Some clays loosen with calcium application, gypsum helps mine.


----------



## TNTurf (Mar 20, 2019)

I have not dealt with that before but if I was facing it I would keep it watered to keep the soil lose and just let the grass work its way though. I might break up areas and continue to work on level with a metal garden rake. Over time the lawn will grow back but its going to take a while. Afterwards sand would be a good way to start leveling. I really need to hit mine with a couple of tons of sand but just have not done it yet.


----------



## erikankimm (Jun 24, 2020)

Thank you all so much for all the ideas! Keep them coming all are welcome! I almost cried because I kept thinking 'HOLY SHxT I JUST KILLED MY GRASS IN MY NEW HOUSE AND I'VE ONLY BEEN HERE 2 MONTHS!!!'


----------



## Kicker (Apr 5, 2018)

TNTurf said:


> I have not dealt with that before but if I was facing it I would keep it watered to keep the soil lose and just let the grass work its way though. I might break up areas and continue to work on level with a metal garden rake. Over time the lawn will grow back but its going to take a while. Afterwards sand would be a good way to start leveling. I really need to hit mine with a couple of tons of sand but just have not done it yet.

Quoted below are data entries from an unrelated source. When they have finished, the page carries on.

definition frac_params :: "'a set \<Rightarrow> (('a \<Rightarrow> real) \<Rightarrow> real) set \<Rightarrow> bool" where
  "frac_params I P \<longleftrightarrow> finite P \<and> (\<forall>q\<in>P. gp I q \<and> (\<forall>\<alpha>. 0 \<le> q \<alpha> \<and> q \<alpha> < 1))"

definition gp_integral :: "'v set \<Rightarrow> (('v option \<Rightarrow> real) \<Rightarrow> real) \<Rightarrow> bool" where
  "gp_integral V b \<longleftrightarrow> gp (insert None (Some ` V)) b \<and> (\<forall>x. x None \<in> \<int> \<longrightarrow> b x \<in> \<int>)"

text \<open>\<open>G(\<alpha>, n) = \<Sum>\<^sub>k c\<^sub>k(\<alpha>) b\<^sub>k(p(\<alpha>), n)\<close>: each parameter function \<open>q \<in> P\<close> serves directly
  as the name \<open>Some q\<close> of a variable of the \<open>b\<^sub>k\<close>.\<close>
definition gp_normal_form :: "'a set \<Rightarrow> (('a \<Rightarrow> real) \<Rightarrow> int \<Rightarrow> real) \<Rightarrow> bool" where
  "gp_normal_form I G \<longleftrightarrow>
     (\<exists>P ts. frac_params I P \<and> (\<forall>(c, b)\<in>set ts. gp I c \<and> gp_integral P b) \<and>
       (\<forall>\<alpha> n. G \<alpha> n = (\<Sum>(c, b)\<leftarrow>ts. c \<alpha> * b (env (\<lambda>q. q \<alpha>) n))))"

This is the right advice..


----------



## Babaganoosh (Apr 21, 2019)

What about some baby shampoo?


----------



## WDE46 (Mar 11, 2019)

erikankimm said:


> Thank you all so much for all the ideas! Keep them coming all are welcome! I almost cried because I kept thinking 'HOLY SHxT I JUST KILLED MY GRASS IN MY NEW HOUSE AND I'VE ONLY BEEN HERE 2 MONTHS!!!'


You really can't do much that'll kill Bermuda other than straight glyphosate. It'll pretty much always come back. You can stunt it for a while but given the time of year, your lawn is going to look fine this year.


----------



## gonefishn2010 (Jun 15, 2020)

I would let it almost dry dreak it up with a strong rake water it again, mow it when it gets long, rinse and repeat. It will come back, you didn't kill it. I was fighting bermuda in my flower beds at my old house, sprayed it with round up, in 110 degree heat, buried it, put mulch on top and that bermuda still came back. If you manage to kill bermuda with that ragaty topsoil, i suggest bagging it slapping a label on it saying it will kill bermuda and make a fortune.


----------



## erikankimm (Jun 24, 2020)

gonefishn2010 said:


> I would let it almost dry dreak it up with a strong rake water it again, mow it when it gets long, rinse and repeat. It will come back, you didn't kill it. I was fighting bermuda in my flower beds at my old house, sprayed it with round up, in 110 degree heat, buried it, put mulch on top and that bermuda still came back. If you manage to kill bermuda with that ragaty topsoil, i suggest bagging it slapping a label on it saying it will kill bermuda and make a fortune.


LMAO!!! Thank you I really needed to hear this!


----------



## Tellycoleman (May 10, 2017)

I bet you got that sandy loam for a great deal.
Actually i think it looks better now that its a mud pile then when it was a lumpy mess. At least its more level now. Sand next time. Only sand. And screened sand or masonry sand. You did not get screened topsoil. With the poor quality soil you will need to probably apply a preemergent it is probably full of weeds


----------



## cbagz (May 12, 2020)

You could........... Spray it and kill it all. I mean all of it then till it up, spray again, level with sand, a good topsoil and then put down new sod.


----------



## Redtwin (Feb 9, 2019)

cbagz said:


> You could........... Spray it and kill it all. I mean all of it then till it up, spray again, level with sand, a good topsoil and then put down new sod.


Huh? I'm not tracking...


----------



## cldrunner (May 14, 2019)

I would come in with two yards of *masonry sand *and put on top and level. Fertilize and you will have a good lawn in one month.


----------



## Ccualumni (Jul 8, 2018)

Do you have a drag mat? I would try to drag some of that to break it up


----------



## erikankimm (Jun 24, 2020)

THANK YOU ALL FOR THE HELP!!! I got out and broke up the mud and raked out the excess. I added compost and mixed it in. Watered watered and watered some more. It's starting to look like a lawn again. I love this forum.


----------